Black Friday is thought to have marked the point of no return for the revolution, and it led to the abolition of Iran's monarchy less than a year later. It is also believed that Black Friday played a crucial role in further radicalizing the protest movement, uniting the opposition to the Shah and mobilized the masses. The incident is described by historian Ervand Abrahamian as "a sea of blood between the shah and the people."[4] Initially, opposition and western journalists claimed that the Iranian army had massacred thousands of protesters.[3][16][17] The clerical leadership announced that "thousands have been massacred by Zionist troops".[18] According to the historian Abbas Amanat:[19]
The clerical activists, backed by the Qom marja's, capitalized on the Jaleh Square massacre to paint the regime as brutal and illegitimate.
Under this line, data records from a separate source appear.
lemma starlike_inversion_of_compl:
  fixes K :: "complex set"
  assumes "\<And>z t. z \<in> K \<Longrightarrow> 0 \<le> t \<Longrightarrow> t \<le> 1 \<Longrightarrow> t *\<^sub>R z \<in> K"
  shows "starlike {w. w = 0 \<or> inverse w \<notin> K}"
  unfolding starlike_def
proof (rule bexI[of _ 0], intro ballI subsetI)
  fix w x assume w: "w \<in> {w. w = 0 \<or> inverse w \<notin> K}" and "x \<in> closed_segment 0 w"
  then obtain t where t: "0 \<le> t" "t \<le> 1" "x = t *\<^sub>R w"
    unfolding in_segment by auto
  show "x \<in> {w. w = 0 \<or> inverse w \<notin> K}"
  proof (cases "x = 0")
    case False
    then have "w \<noteq> 0" "t \<noteq> 0"
      using t(3) by auto
    then have "t *\<^sub>R inverse x = inverse w"
      using t(3) by (simp add: scaleR_conv_of_real)
    then have "inverse x \<notin> K"
      using assms[of "inverse x" t] w t(1,2) \<open>w \<noteq> 0\<close> by auto
    then show ?thesis by simp
  qed simp
qed simp

context normalized_rational_mfun
begin

definition inversion_domain :: "complex set" where
  "inversion_domain = {w. w = 0 \<or> inverse w \<notin> cutX \<xi>}"

definition h :: "complex \<Rightarrow> 'n cmat" where
  "h w = (if w = 0 then 1 else Abs_cmat (\<xi> (inverse w)))"

lemma Rep_h: "Rep_cmat (h w) = (if w = 0 then mat 1 else \<xi> (inverse w))"
  by (simp add: h_def one_cmat.rep_eq Abs_cmat_inverse)

lemma open_inversion_domain: "open inversion_domain"
  unfolding inversion_domain_def by (rule open_inversion_of_compl[OF compact_cutX[OF finite_pole_set]])

lemma starlike_inversion_domain: "starlike inversion_domain"
  unfolding inversion_domain_def by (rule starlike_inversion_of_compl[OF scaleR_mem_cutX])

lemma zero_in_inversion_domain: "0 \<in> inversion_domain"
  by (simp add: inversion_domain_def)

lemma open_compl_cutX: "open (- cutX \<xi>)"
  by (intro open_Compl compact_imp_closed compact_cutX finite_pole_set)

lemma inverse_in_inversion_domain: "u \<notin> cutX \<xi> \<Longrightarrow> inverse u \<in> inversion_domain"
  by (simp add: inversion_domain_def)

lemma inverse_notin_cutX: "w \<in> inversion_domain \<Longrightarrow> w \<noteq> 0 \<Longrightarrow> inverse w \<notin> cutX \<xi>"
  by (simp add: inversion_domain_def)

lemma mholo_on_h: "mholo_on (\<lambda>w. Rep_cmat (h w)) inversion_domain"
  unfolding mholo_on_def
proof (intro allI)
  fix i j
  have "(\<lambda>u. \<xi> u $ i $ j) holomorphic_on - cutX \<xi>"
    using mholo_on_\<xi> pole_set_subset_cutX unfolding mholo_on_def pole_set_def
    by (blast intro: holomorphic_on_subset)
  then have "(\<lambda>u. \<xi> u $ i $ j) \<circ> inverse holomorphic_on (inversion_domain - {0})"
    by (rule holomorphic_on_compose_gen[rotated])
      (auto intro!: holomorphic_intros simp: inverse_notin_cutX)
  then have holo: "(\<lambda>w. Rep_cmat (h w) $ i $ j) holomorphic_on (inversion_domain - {0})"
    by (rule holomorphic_transform) (simp add: Rep_h)
  have "((\<lambda>w. \<xi> (inverse w)) \<longlongrightarrow> mat 1) (at 0)"
    by (rule filterlim_compose[OF \<xi>_at_infinity filterlim_inverse_at_infinity])
  then have "((\<lambda>w. \<xi> (inverse w) $ i $ j) \<longlongrightarrow> Rep_cmat (h 0) $ i $ j) (at 0)"
    unfolding Rep_h by (simp add: tendsto_vec_nth)
  moreover have "eventually (\<lambda>w. \<xi> (inverse w) $ i $ j = Rep_cmat (h w) $ i $ j) (at 0)"
    by (simp add: eventually_at_filter Rep_h)
  ultimately have "((\<lambda>w. Rep_cmat (h w) $ i $ j) \<longlongrightarrow> Rep_cmat (h 0) $ i $ j) (at 0)"
    by (rule Lim_transform_eventually)
  then have lim: "((\<lambda>w. Rep_cmat (h w) $ i $ j) \<longlongrightarrow> Rep_cmat (h 0) $ i $ j) (at 0 within inversion_domain)"
    by (rule tendsto_within_subset) simp
  show "(\<lambda>w. Rep_cmat (h w) $ i $ j) holomorphic_on inversion_domain"
    by (rule no_isolated_singularity'[OF _ holo open_inversion_domain]) (use lim in auto)
qed

lemma mholo_on_inversion_domain:
  assumes holo: "mholo_on f (- cutX \<xi>)" and inf: "holo_at_inf_zero f"
  shows "mholo_on (\<lambda>w. if w = 0 then 0 else f (inverse w)) inversion_domain"
  unfolding mholo_on_def
proof (intro allI)
  fix i j
  obtain r where r: "r > 0" "mholo_on (\<lambda>w. if w = 0 then 0 else f (inverse w)) (ball 0 r)"
    using inf unfolding holo_at_inf_zero_def by blast
  have "(\<lambda>v. f v $ i $ j) \<circ> inverse holomorphic_on inversion_domain - {0}"
  proof (rule holomorphic_on_compose_gen[of _ _ _ "- cutX \<xi>"])
    show "(\<lambda>v. f v $ i $ j) holomorphic_on - cutX \<xi>"
      using holo unfolding mholo_on_def by blast
  qed (auto intro!: holomorphic_intros simp: inverse_notin_cutX)
  then have "(\<lambda>w. (if w = 0 then 0 else f (inverse w)) $ i $ j) holomorphic_on inversion_domain - {0}"
    by (rule holomorphic_transform) simp
  moreover have "(\<lambda>w. (if w = 0 then 0 else f (inverse w)) $ i $ j) holomorphic_on ball 0 r"
    using r(2) by (simp add: mholo_on_def)
  ultimately have "(\<lambda>w. (if w = 0 then 0 else f (inverse w)) $ i $ j)
      holomorphic_on (inversion_domain - {0}) \<union> ball 0 r"
    using open_inversion_domain by (intro holomorphic_on_Un) auto
  then show "(\<lambda>w. (if w = 0 then 0 else f (inverse w)) $ i $ j) holomorphic_on inversion_domain"
    by (rule holomorphic_on_subset) (use r(1) in auto)
qed

lemma det_h: "w \<in> inversion_domain \<Longrightarrow> det (Rep_cmat (h w)) \<noteq> 0"
  using det_\<xi>_nz_if_not_in_pole_set pole_set_subset_cutX inverse_notin_cutX
  by (auto simp: Rep_h)

lemma h_0: "h 0 = 1"
  by (simp add: h_def)

lemma mderiv_h:
  assumes "w \<in> inversion_domain" "w \<noteq> 0"
  shows "mderiv (\<lambda>v. Rep_cmat (h v)) w $ k $ j = - (inverse w)\<^sup>2 * mderiv \<xi> (inverse w) $ k $ j"
proof -
  have "eventually (\<lambda>v. Rep_cmat (h v) $ i $ j = \<xi> (inverse v) $ i $ j) (nhds w)" for i j
    using t1_space_nhds[OF assms(2)] by (rule eventually_mono) (simp add: Rep_h)
  then have "mderiv (\<lambda>v. Rep_cmat (h v)) w = mderiv (\<lambda>v. \<xi> (inverse v)) w"
    unfolding mderiv_def by (auto simp: vec_eq_iff intro!: deriv_cong_ev)
  moreover have "((\<lambda>v. \<xi> v $ i $ j) has_field_derivative mderiv \<xi> (inverse w) $ i $ j) (at (inverse w))"
    for i j
  proof -
    have "inverse w \<in> {u. \<not> is_pole \<xi> u}"
      using assms inverse_notin_cutX pole_set_subset_cutX by (auto simp: pole_set_def)
    moreover have "(\<lambda>v. \<xi> v $ i $ j) holomorphic_on {u. \<not> is_pole \<xi> u}"
      using mholo_on_\<xi> by (simp add: mholo_on_def)
    ultimately show ?thesis
      unfolding mderiv_def using holomorphic_derivI[OF _ open_not_poles] by simp
  qed
  ultimately show ?thesis
    using mderiv_compose_inverse[of \<xi> "mderiv \<xi> (inverse w)" w] assms(2) by simp
qed

lemma \<xi>_eq_1_if_zero_notin_cutX: "0 \<notin> cutX \<xi> \<Longrightarrow> \<xi> u = mat 1"
  by (simp add: zero_in_cutX_iff \<xi>_eq_1_if_no_poles)

end

locale commuting_normalized_rational_mfun =
  normalized_rational_mfun \<xi> P q for \<xi> :: "complex \<Rightarrow> complex^'n^'n" and P q +
  assumes \<xi>_commute: "\<And>u v. \<not> is_pole \<xi> u \<Longrightarrow> \<not> is_pole \<xi> v \<Longrightarrow> \<xi> u ** \<xi> v = \<xi> v ** \<xi> u"
begin

lemma h_commute: "v \<in> inversion_domain \<Longrightarrow> w \<in> inversion_domain \<Longrightarrow> h v * h w = h w * h v"
  using inverse_notin_cutX pole_set_subset_cutX
  by (auto simp: Rep_cmat_inject[symmetric] times_cmat.rep_eq Rep_h pole_set_def intro!: \<xi>_commute)

sublocale L: starlike_matrix_log inversion_domain h
proof
  show "open inversion_domain" by (rule open_inversion_domain)
  show "starlike inversion_domain" by (rule starlike_inversion_domain)
  show "0 \<in> inversion_domain" by (rule zero_in_inversion_domain)
  show "mholo_on (\<lambda>w. Rep_cmat (h w)) inversion_domain" by (rule mholo_on_h)
  show "h 0 = 1" by (rule h_0)
  show "det (Rep_cmat (h w)) \<noteq> 0" if "w \<in> inversion_domain" for w
    using that by (rule det_h)
  show "h v * h w = h w * h v" if "v \<in> inversion_domain" "w \<in> inversion_domain" for v w
    using that by (rule h_commute)
qed

definition t :: "complex \<Rightarrow> complex^'n^'n" where
  "t u = Rep_cmat (L.mlog (inverse u))"

lemma t_eq_0_if_zero_notin_cutX:
  assumes "0 \<notin> cutX \<xi>"
  shows "t u = 0"
proof -
  have "h w = 1" for w
    using assms by (simp add: h_def \<xi>_eq_1_if_zero_notin_cutX one_cmat_def)
  moreover have "cutX \<xi> = {}"
    using assms by (simp add: zero_in_cutX_iff cutX_def)
  ultimately have "0 = L.mlog (inverse u)"
    by (intro L.mlog_unique[of "\<lambda>_. 0"]) (simp_all add: mholo_on_def zero_cmat.rep_eq inversion_domain_def)
  then show ?thesis by (simp add: t_def zero_cmat.rep_eq)
qed

lemma mholo_on_t: "mholo_on t (- cutX \<xi>)"
proof (cases "0 \<in> cutX \<xi>")
  case True
  have "(\<lambda>u. Rep_cmat (L.mlog u) $ i $ j) \<circ> inverse holomorphic_on - cutX \<xi>" for i j
  proof (rule holomorphic_on_compose_gen[of _ _ _ inversion_domain])
    show "inverse holomorphic_on - cutX \<xi>"
      using True by (auto intro!: holomorphic_intros)
    show "(\<lambda>u. Rep_cmat (L.mlog u) $ i $ j) holomorphic_on inversion_domain"
      using L.mholo_on_mlog unfolding mholo_on_def by blast
  qed (auto simp: inverse_in_inversion_domain)
  then show ?thesis by (simp add: mholo_on_def t_def o_def)
qed (simp add: mholo_on_def t_eq_0_if_zero_notin_cutX)

lemma holo_at_inf_zero_t: "holo_at_inf_zero t"
proof -
  obtain r where r: "r > 0" "ball 0 r \<subseteq> inversion_domain"
    using open_contains_ball_eq[OF open_inversion_domain] zero_in_inversion_domain by blast
  have "mholo_on (\<lambda>w. if w = 0 then 0 else t (inverse w)) (ball 0 r)"
    unfolding mholo_on_def
  proof (intro allI)
    fix i j
    have "(\<lambda>w. Rep_cmat (L.mlog w) $ i $ j) holomorphic_on ball 0 r"
      using L.mholo_on_mlog r(2) holomorphic_on_subset unfolding mholo_on_def by blast
    then show "(\<lambda>w. (if w = 0 then 0 else t (inverse w)) $ i $ j) holomorphic_on ball 0 r"
      by (rule holomorphic_transform) (simp add: t_def L.mlog_0 zero_cmat.rep_eq)
  qed
  with r(1) show ?thesis
    unfolding holo_at_inf_zero_def by blast
qed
Aided by a rumor-mongering machine that became fully operational in the absence of reliable media and news reporting, the number of casualties, the “martyrs” on the path of Islam, was inflated to thousands, and the troops who opened fire on them were labeled as Israeli mercenaries who were brought in to crush the revolution.
The events triggered protests that continued for another four months. The day after Black Friday, Amir-Abbas Hoveyda resigned as minister of court for unrelated reasons.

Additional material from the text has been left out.